Original source: Carson Heady
This video from Carson Heady covered a lot of ground. 3 segments stood out as worth your time. Everything below links directly to the timestamp in the original video.
If your team is burning out on calls but still expected to hit pipeline targets, the pandemic playbook others built under those conditions is worth understanding.
Pandemic Rewired Sales Fundamentals While Introducing a New Kind of Burnout
The core mechanics of selling — relationships, contact, trust — did not change when the pandemic hit, but everything surrounding them did. Sellers and sales leaders worldwide began reporting a distinct strain of exhaustion driven by back-to-back video calls, a fatigue that differed qualitatively from the road-warrior grind that preceded it. The reality is that elite performers were simultaneously navigating that burnout while closing the largest deals of their careers, learning at a pace that compressed years of negotiation experience into months.

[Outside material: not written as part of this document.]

(* Consider the ride-hailing model in the context with $L=2$ regions, demand rates $b_{12}=b_{22}=0$, $b_{11}>0$, $b_{21}>0$, and driving cost rate $c=0$. Then for all trip times, all $R\in(0,1)$, $M\ge0$, $N>0$, and every AV-first strategy, the AV-first profit is at least $\tfrac45$ of the optimal value of $\mathcal{OPT}$ (performance loss at most $20\%$); moreover the maximum performance loss $20\%$ is achieved when $M=\tfrac{b_{11}t_{11}}{2}$, $N=b_{11}t_{11}$, $t_{12}=t_{21}$ and $R\to1$ (i.e. for these parameters the performance loss $1-(\text{AV-first profit})/(\text{optimal value})$ tends to $1/5$ as $R\to1$).
   Context: Model. There are $L$ regions $\{1,\dots,L\}$. For regions $i,j$, $b_{ij}\ge0$ is the customer rate from $i$ to $j$; $b_i=\sum_j b_{ij}$ (assumed $>0$), $q_{ij}=b_{ij}/b_i$. $t_{ij}\ge0$ is the trip time of a customer trip from $i$ to $j$ (with $t_{ij}>0$ for $i\ne j$ and here $t_{11}>0$); the empty repositioning time from $i$ to $\alpha$ is $t_{i\alpha}$ for $\alpha\ne i$ and $0$ for $\alpha=i$. Constants: $p>0$, $c\ge0$, $R\in(0,1)$, CV fleet mass $N>0$, AV fleet mass $M\ge0$. For $i,\alpha$: $\tau^{dr}_{i\alpha}=\mathbf 1[\alpha\ne i]\,t_{i\alpha}+\sum_j q_{\alpha j}t_{\alpha j}$, $r^A_{i\alpha}=p\sum_j q_{\alpha j}t_{\alpha j}-c\tau^{dr}_{i\alpha}$, $r^C_{i\alpha}=p(1-R)\sum_j q_{\alpha j}t_{\alpha j}-c\tau^{dr}_{i\alpha}$, $r^{C2P}_{i\alpha}=pR\sum_j q_{\alpha j}t_{\alpha j}$. A matrix $\bm x\in\mathbb R^{L\times L}_{\ge0}$ satisfies flow balance if $\sum_j(\sum_k x_{kj})q_{ji}=\sum_\alpha x_{i\alpha}$ for all $i$. $\mathcal{CV}(\bm b^C)$: maximize $N\log\sum_{i,\alpha}r^C_{i\alpha}x_{i\alpha}-\sum_{i,\alpha}\tau^{dr}_{i\alpha}x_{i\alpha}$ over $\bm x\ge0$ satisfying flow balance and $\sum_j x_{ji}\le b^C_i$ for all $i$; $\pi(\bm b^C)=\sum_{i,\alpha}r^{C2P}_{i\alpha}x_{i\alpha}$ for an optimal solution $\bm x$ (same for all optimal solutions). $\mathcal{OPT}$: maximize $\sum_{i,\alpha}r^A_{i\alpha}x^A_{i\alpha}+\pi(\bm b^C)$ over $\bm b^C\in\mathbb R^L_{\ge0}$, $\bm x^A\in\mathbb R^{L\times L}_{\ge0}$ subject to $\sum_j x^A_{ji}+b^C_i\le b_i$ for all $i$, flow balance for $\bm x^A$, and $\sum_{i,\alpha}\tau^{dr}_{i\alpha}x^A_{i\alpha}\le M$. AV-first policy: an AV-first strategy $\hat{\bm x}^A$ maximizes $\sum_{i,\alpha}r^A_{i\alpha}x^A_{i\alpha}$ over $\bm x^A\ge0$ with $\sum_j x^A_{ji}\le b_i$ for all $i$, flow balance, and $\sum_{i,\alpha}\tau^{dr}_{i\alpha}x^A_{i\alpha}\le M$; the residual demand $\hat b^C_i=b_i-\sum_j\hat x^A_{ji}$ is revealed to CVs, and the AV-first profit is $\sum_{i,\alpha}r^A_{i\alpha}\hat x^A_{i\alpha}+\pi(\hat{\bm b}^C)$. *)

theory Defs
  imports "HOL-Analysis.Analysis"
begin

There is a direct correlation between pressure and accelerated growth, and the pandemic made that unavoidable. The professionals who thrived were those who separated the noise of the new environment from the execution demands that never changed.
"The fundamentals are always going to be the same. It's a contact sport. It's a relationships game. But what was changing was how we were interacting and engaging."

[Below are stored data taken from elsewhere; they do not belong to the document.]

lemma tendsto_freq_mod:
  fixes p :: nat and Q :: "nat \<Rightarrow> bool"
  assumes p: "0 < p"
  defines "c \<equiv> card {x. x < p \<and> Q x}"
  shows "freq (\<lambda>n. Q (n mod p)) \<longlonglongrightarrow> real c / real p"
proof -
  have approx: "\<bar>real (card {n. n < N \<and> Q (n mod p)}) - real N * real c / real p\<bar> \<le> real p" for N
  proof -
    define d where "d = card {x. x < N mod p \<and> Q x}"
    have "N mod p < p" using p by simp
    then have "real d \<le> real p" "real c \<le> real p" "real (N mod p) \<le> real p"
      using card_Collect_less_le[of "N mod p" Q] card_Collect_less_le[of p Q] by (simp_all add: d_def c_def)
    then have "0 \<le> real (N mod p) * real c / real p" "real (N mod p) * real c / real p \<le> real p"
      using p by (auto simp: field_simps intro: mult_mono)
    moreover have "real (card {n. n < N \<and> Q (n mod p)}) - real N * real c / real p
        = real d - real (N mod p) * real c / real p"
    proof -
      have "real N = real (N mod p) + real p * real (N div p)"
        using mod_mult_div_eq[of N p] by (metis of_nat_add of_nat_mult)
      moreover have "real (card {n. n < N \<and> Q (n mod p)}) = real (N div p) * real c + real d"
        using card_mod_eq[OF p, of N Q] by (simp add: d_def c_def)
      ultimately show ?thesis using p by (simp add: field_simps)
    qed
    ultimately show ?thesis using \<open>real d \<le> real p\<close> by linarith
  qed
  have "(\<lambda>N. real (card {n. n < N \<and> Q (n mod p)}) / real N - real c / real p) \<longlonglongrightarrow> 0"
  proof (rule Lim_null_comparison)
    show "(\<lambda>N. real p / real N) \<longlonglongrightarrow> 0" by (rule lim_const_over_n)
    have "\<bar>real (card {n. n < N \<and> Q (n mod p)}) / real N - real c / real p\<bar> \<le> real p / real N"
      if "0 < N" for N
      using approx[of N] that p by (simp add: field_simps abs_divide)
    then show "\<forall>\<^sub>F N in sequentially. norm (real (card {n. n < N \<and> Q (n mod p)}) / real N - real c / real p)
        \<le> real p / real N"
      by (intro eventually_sequentiallyI[of 1]) auto
  qed
  then show ?thesis by (simp add: LIM_zero_iff freq_def[abs_def])
qed

lemma freq_mono: "(\<And>n. P n \<Longrightarrow> Q n) \<Longrightarrow> freq P N \<le> freq Q N"
  unfolding freq_def by (intro divide_right_mono of_nat_mono card_mono) (auto intro: finite_Collect_conjI)

lemma freq_disj_le: "freq (\<lambda>n. P n \<or> Q n) N \<le> freq P N + freq Q N"
proof -
  have "{n. n < N \<and> (P n \<or> Q n)} = {n. n < N \<and> P n} \<union> {n. n < N \<and> Q n}" by auto
  then have "card {n. n < N \<and> (P n \<or> Q n)} \<le> card {n. n < N \<and> P n} + card {n. n < N \<and> Q n}"
    by (simp add: card_Un_le)
  then show ?thesis unfolding freq_def add_divide_distrib[symmetric]
    by (intro divide_right_mono) auto
qed

lemma convergent_if_sandwiched:
  fixes a :: "nat \<Rightarrow> real"
  assumes "\<And>e. 0 < e \<Longrightarrow> \<exists>\<beta> \<pi> c d. \<beta> \<longlonglongrightarrow> c \<and> \<pi> \<longlonglongrightarrow> d \<and> d < e
    \<and> (\<forall>N. \<beta> N \<le> a N \<and> a N \<le> \<beta> N + \<pi> N)"
  shows "convergent a"
proof (rule Cauchy_convergent, rule CauchyI)
  fix e :: real assume "0 < e"
  then obtain \<beta> \<pi> c d where \<beta>: "\<beta> \<longlonglongrightarrow> c" and \<pi>: "\<pi> \<longlonglongrightarrow> d" and "d < e / 4"
    and sandwich: "\<And>N. \<beta> N \<le> a N \<and> a N \<le> \<beta> N + \<pi> N"
    using assms[of "e / 4"] by auto
  obtain M1 where M1: "\<And>N. N \<ge> M1 \<Longrightarrow> \<bar>\<beta> N - c\<bar> < e / 4"
    using LIMSEQ_D[OF \<beta>, of "e / 4"] \<open>0 < e\<close> by auto
  obtain M2 where M2: "\<And>N. N \<ge> M2 \<Longrightarrow> \<bar>\<pi> N - d\<bar> < e / 4"
    using LIMSEQ_D[OF \<pi>, of "e / 4"] \<open>0 < e\<close> by auto
  have bounds: "c - e / 4 < a N \<and> a N < c + 3 * e / 4" if "N \<ge> max M1 M2" for N
  proof -
    have "\<beta> N - c < e / 4 \<and> - (\<beta> N - c) < e / 4" "\<pi> N - d < e / 4 \<and> - (\<pi> N - d) < e / 4"
      using M1[of N] M2[of N] that unfolding abs_less_iff by auto
    then show ?thesis using sandwich[of N] \<open>d < e / 4\<close> by linarith
  qed
  show "\<exists>M. \<forall>m\<ge>M. \<forall>n\<ge>M. norm (a m - a n) < e"
  proof (intro exI allI impI)
    fix m n assume "max M1 M2 \<le> m" "max M1 M2 \<le> n"
    then show "norm (a m - a n) < e"
      using bounds[of m] bounds[of n] unfolding real_norm_def abs_less_iff by linarith
  qed
qed

lemma Delta_mod_power:
  assumes b: "2 \<le> b" and no_carry: "\<not> carry_out b K r (n mod b ^ K)"
  shows "Delta b r n = Delta b r (n mod b ^ K)"
proof -
  have n: "n = n div b ^ K * b ^ K + n mod b ^ K" by (rule div_mult_mod_eq[symmetric])
  have "digsum b n = digsum b (n div b ^ K) + digsum b (n mod b ^ K)"
    using b by (subst (1) n) (rule digsum_mult_power_add; simp)
  moreover have "digsum b (n + r) = digsum b (n div b ^ K) + digsum b (n mod b ^ K + r)"
    using b no_carry by (subst (1) n) (simp add: add.assoc digsum_mult_power_add carry_out_def)
  ultimately show ?thesis by (simp add: Delta_def)
qed

lemma tendsto_mu:
  assumes b: "2 \<le> b"
  shows "freq (\<lambda>n. Delta b r n = d) \<longlonglongrightarrow> mu b r d"
proof -
  have "convergent (freq (\<lambda>n. Delta b r n = d))"
  proof (rule convergent_if_sandwiched)
    fix e :: real assume "0 < e"
    obtain K where K: "real r / e < real b ^ K"
      using real_arch_pow[of "real b" "real r / e"] b by auto
    define p where "p = b ^ K"
    have "0 < p" using b by (simp add: p_def)
    define hit where "hit x \<longleftrightarrow> \<not> carry_out b K r x \<and> Delta b r x = d" for x
    have "real (card {x. x < p \<and> carry_out b K r x}) / real p < e"
      using card_carry_out_le[of b K r] K \<open>0 < e\<close> \<open>0 < p\<close>
      by (simp add: p_def field_simps order.strict_trans1)
    moreover have "freq (\<lambda>n. hit (n mod p)) N \<le> freq (\<lambda>n. Delta b r n = d) N
        \<and> freq (\<lambda>n. Delta b r n = d) N
          \<le> freq (\<lambda>n. hit (n mod p)) N + freq (\<lambda>n. carry_out b K r (n mod p)) N" for N
    proof
      show "freq (\<lambda>n. hit (n mod p)) N \<le> freq (\<lambda>n. Delta b r n = d) N"
        using Delta_mod_power[OF b] by (intro freq_mono) (auto simp: hit_def p_def)
      have "hit (n mod p) \<or> carry_out b K r (n mod p)" if "Delta b r n = d" for n
        using Delta_mod_power[OF b, of K r n] that by (auto simp: hit_def p_def)
      then have "freq (\<lambda>n. Delta b r n = d) N
          \<le> freq (\<lambda>n. hit (n mod p) \<or> carry_out b K r (n mod p)) N"
        by (intro freq_mono)
      then show "freq (\<lambda>n. Delta b r n = d) N
          \<le> freq (\<lambda>n. hit (n mod p)) N + freq (\<lambda>n. carry_out b K r (n mod p)) N"
        by (rule order_trans[OF _ freq_disj_le])
    qed
    ultimately show "\<exists>\<beta> \<pi> l l'. \<beta> \<longlonglongrightarrow> l \<and> \<pi> \<longlonglongrightarrow> l' \<and> l' < e
        \<and> (\<forall>N. \<beta> N \<le> freq (\<lambda>n. Delta b r n = d) N \<and> freq (\<lambda>n. Delta b r n = d) N \<le> \<beta> N + \<pi> N)"
      using tendsto_freq_mod[OF \<open>0 < p\<close>, of hit] tendsto_freq_mod[OF \<open>0 < p\<close>, of "carry_out b K r"]
      by (intro exI conjI allI) auto
  qed
  then show ?thesis by (simp add: convergent_LIMSEQ_iff mu_def freq_def[abs_def])
qed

Sales Professionals Who Mastered LinkedIn and AI Prospecting Gained Edge During Pandemic Disruption
When field sales came to a halt and the road warrior's toolkit became obsolete overnight, the sellers who adapted fastest were those who rebuilt their prospecting discipline around LinkedIn and AI-driven outreach. Breaking into new lines of business — a challenge that once relied on in-person relationship capital — required a deliberate redefinition of how and where attention was directed. That adaptation came at a personal cost: sitting at a desk through relentless back-to-back calls while managing family and health crises that never appeared on screen.

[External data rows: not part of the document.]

text \<open>If \<open>x = a / b\<close> with \<open>b \<notin> p\<close>, then \<open>a = b x \<notin> P\<close>, so \<open>a \<notin> p\<close> and \<open>x\<^sup>-\<^sup>1 = b / a\<close>.\<close>
lemma inverse_mem_localization:
  assumes "R \<subseteq> S" and P: "prime_in S P" "P \<inter> R = p"
    and x: "x \<in> S" "x \<in> localization R p" "x \<notin> P"
  shows "inverse x \<in> localization R p"
proof -
  obtain a b where ab: "x = a / b" "a \<in> R" "b \<in> R" "b \<notin> p"
    using x(2) by (auto simp: localization_def)
  have "x \<noteq> 0" using P x(3) by (auto simp: prime_in_def ideal_in_zero)
  then have "a \<noteq> 0" "b \<noteq> 0" using ab by auto
  then have "a = b * x" using ab by simp
  then have "a \<notin> p"
    using P x ab \<open>R \<subseteq> S\<close> unfolding prime_in_def by blast
  moreover have "inverse x = b / a" using ab \<open>a \<noteq> 0\<close> by simp
  ultimately show ?thesis using ab by (auto simp: localization_def)
qed

section \<open>Going down\<close>

lemma going_down_below_maximal:
  assumes R: "subring R" "local_ring R" "maximal_in R m"
    and S: "subring S" "going_down R S" and N: "maximal_in S N" "N \<inter> R = m"
    and p: "prime_in R p"
  obtains Q where "prime_in S Q" "Q \<subseteq> N" "Q \<inter> R = p"
proof (cases "p = m")
  case True
  then show ?thesis using that maximal_in_prime[OF S(1) N(1)] N(2) by blast
next
  case False
  have "p \<subseteq> m" using local_ring_proper_ideal_le[OF R] p by (simp add: prime_in_def)
  then show ?thesis
    using that False S(2) p maximal_in_prime[OF R(1,3)] maximal_in_prime[OF S(1) N(1)] N(2)
    unfolding going_down_def by blast
qed

lemma inverse_mem_integral_closure:
  assumes R: "subring R" "local_ring R" "maximal_in R m" "R1 R"
    and R': "generalized_Krull (integral_closure R)"
      "\<forall>P. height_one (integral_closure R) P \<longrightarrow> height_one R (P \<inter> R)"
    and S: "subring S" "R \<subseteq> S" "S \<subseteq> frac R" "\<forall>x\<in>S. integral_over R x" "going_down R S"
    and N: "maximal_in S N" "N \<inter> R = m"
    and x: "x \<in> S" "x \<notin> N"
  shows "inverse x \<in> integral_closure R"
proof -
  define R' where "R' = integral_closure R"
  have "R \<subseteq> R'" using subset_integral_closure[OF R(1)] by (simp add: R'_def)
  have "inverse x \<in> localization R' P" if P: "height_one R' P" for P
  proof -
    define p where "p = P \<inter> R"
    have "height_one R p" using R'(2) P by (simp add: p_def R'_def)
    then have p: "prime_in R p" and val: "valuation_domain (localization R p)"
      using R(4) by (auto simp: height_one_def R1_def)
    have "S \<subseteq> frac (localization R p)"
      using S(3) frac_mono[OF subset_localization[OF R(1) p]] by blast
    then have "x \<in> localization R p"
      using valuation_domain_integrally_closed[OF val subset_localization[OF R(1) p]] S(4) x(1)
      by blast
    moreover obtain Q where "prime_in S Q" "Q \<subseteq> N" "Q \<inter> R = p"
      using going_down_below_maximal[OF R(1-3) S(1,5) N p] .
    ultimately have "inverse x \<in> localization R p"
      using inverse_mem_localization[OF S(2)] x by blast
    then show ?thesis using localization_mono[OF \<open>R \<subseteq> R'\<close>] by (auto simp: p_def)
  qed
  moreover have "inverse x \<in> frac R'"
    using frac_inverse S(3) x(1) frac_mono[OF \<open>R \<subseteq> R'\<close>] by blast
  ultimately show ?thesis
    using R'(1) unfolding generalized_Krull_def R'_def by blast
qed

It comes down to intentionality under pressure. The professionals who separated elite output from average performance during that period were those who kept executing regardless of what was happening behind the closed door.
"I'd have to put on my mask and be top of the heap and act like nothing phased me, even though outside that door sometimes everything was crashing down."
Largest Deal of Heady's Career Closed After Internal Stakeholders Said It Would Never Happen
Carson Heady closed what he describes as the largest deal of that period after reaching out directly to board-level and C-suite contacts through LinkedIn — a move that drew sharp internal criticism, including procurement pushback and colleagues who ultimately walked away from the opportunity believing it was dead. Multiple stakeholders told him the prospect would never sign. They were wrong. The deal closed. Heady credits a single operating principle — the show must go on — for sustaining his execution through procurement hostility and internal abandonment alike.
The lesson is durable: there is a direct correlation between accountability to one's own conviction and the size of outcome that becomes possible when others have already priced in failure.
"I was literally told by multiple internal stakeholders, 'These guys are never going to sign this deal. They're going to leave you at the altar.' It did happen."
Summarised from Carson Heady · 5:00. All credit belongs to the original creators. Carson Heady Press summarises publicly available video content.